Livonia Marketplace is an open-air shopping mall in the Detroit suburb of Livonia, Michigan. Opened in 2010, the center is anchored by Kohl's and Walmart. It occupies the site of the former Livonia Mall, which was an enclosed mall built in 1964. Livonia Mall lost the majority of its tenants in the 2000s, including its previous anchor stores of Crowley's (later Value City), Sears, Mervyn's, and Children's Palace. The mall was closed in May 2008, with only the Sears remaining from the original property. Sears closed in April 2020.

==History==

Livonia Mall opened on October 29, 1964, as the second mall to be constructed in Livonia with Kresge and Sears as the original anchors. The site had been zoned for agriculture and was rezoned by the Livonia City Council for commercial use. A farmhouse, a large barn, and other agricultural structures were demolished before construction began. The Livonia Mall was among the first enclosed shopping malls to open in Michigan. The site now hosts one of the many strip malls located within Livonia and Metro Detroit.

The mall was developed as a joint venture between George R. Klein, Jack Shenkman, and Schostak Brothers & Co. King and Lewis served as the mall's primary architects. At the time of its opening, Detroit's suburbs were expanding, and new shopping malls were being developed within their boundaries. Livonia already featured an open outdoor mall in Wonderland Center (later Wonderland Mall), which opened in 1959 and closed in 2004. A year after the mall opened, a General Cinema theater, the first multiplex cinema in Michigan, was added in the Crowley's wing. During the early years of operation, the facility housed two grocery stores and provided space for a doctor's office and a dentist.

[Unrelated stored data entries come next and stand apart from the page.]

lemma card_trace_fibre_le:
  "card {y \<in> subfield_of_order (q ^ r). trace q r y = (c::'a)} \<le> card (trace_kernel q r :: 'a set)"
proof (cases "\<exists>t \<in> subfield_of_order (q ^ r). trace q r (t::'a) = c")
  case True
  then obtain t :: 'a where t: "t \<in> subfield_of_order (q ^ r)" "trace q r t = c"
    by blast
  have "{y \<in> subfield_of_order (q ^ r). trace q r y = c} \<subseteq> (\<lambda>k. t + k) ` trace_kernel q r"
  proof
    fix y assume "y \<in> {y \<in> subfield_of_order (q ^ r). trace q r y = c}"
    then have "y - t \<in> trace_kernel q r"
      using t by (simp add: trace_kernel_def subfield_of_order_diff trace_diff)
    then show "y \<in> (\<lambda>k. t + k) ` trace_kernel q r"
      by (rule rev_image_eqI) simp
  qed
  then have "card {y \<in> subfield_of_order (q ^ r). trace q r y = c} \<le> card ((\<lambda>k. t + k) ` trace_kernel q r)"
    by (intro card_mono) simp_all
  also have "\<dots> \<le> card (trace_kernel q r :: 'a set)"
    by (rule card_image_le) simp
  finally show ?thesis .
next
  case False
  then have "{y \<in> subfield_of_order (q ^ r). trace q r y = c} = {}"
    by blast
  then show ?thesis
    by (simp only: card.empty le0)
qed

context
  fixes r :: nat
  assumes card_UNIV_eq: "card (UNIV :: 'a set) = (q ^ r) ^ 2"
begin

Julius Young opened the first Hot Sam Pretzels at the mall in 1966.

Livonia Mall remained largely unchanged until the late 1980s. In 1987, a new northern wing ending in a Mervyn's department store was added. Children's Palace, a toy store chain, was added to the west end of the mall in 1989. This store closed three years later and was eventually converted to a paintball arena, which closed in the mid-2000s. Value City bought the Crowley's store and two other mall-based Crowley's stores (at Universal Mall and Macomb Mall) in 1999, operating these as Crowley's Value City but later removing the Crowley's name. Konover Properties bought the mall in 2005.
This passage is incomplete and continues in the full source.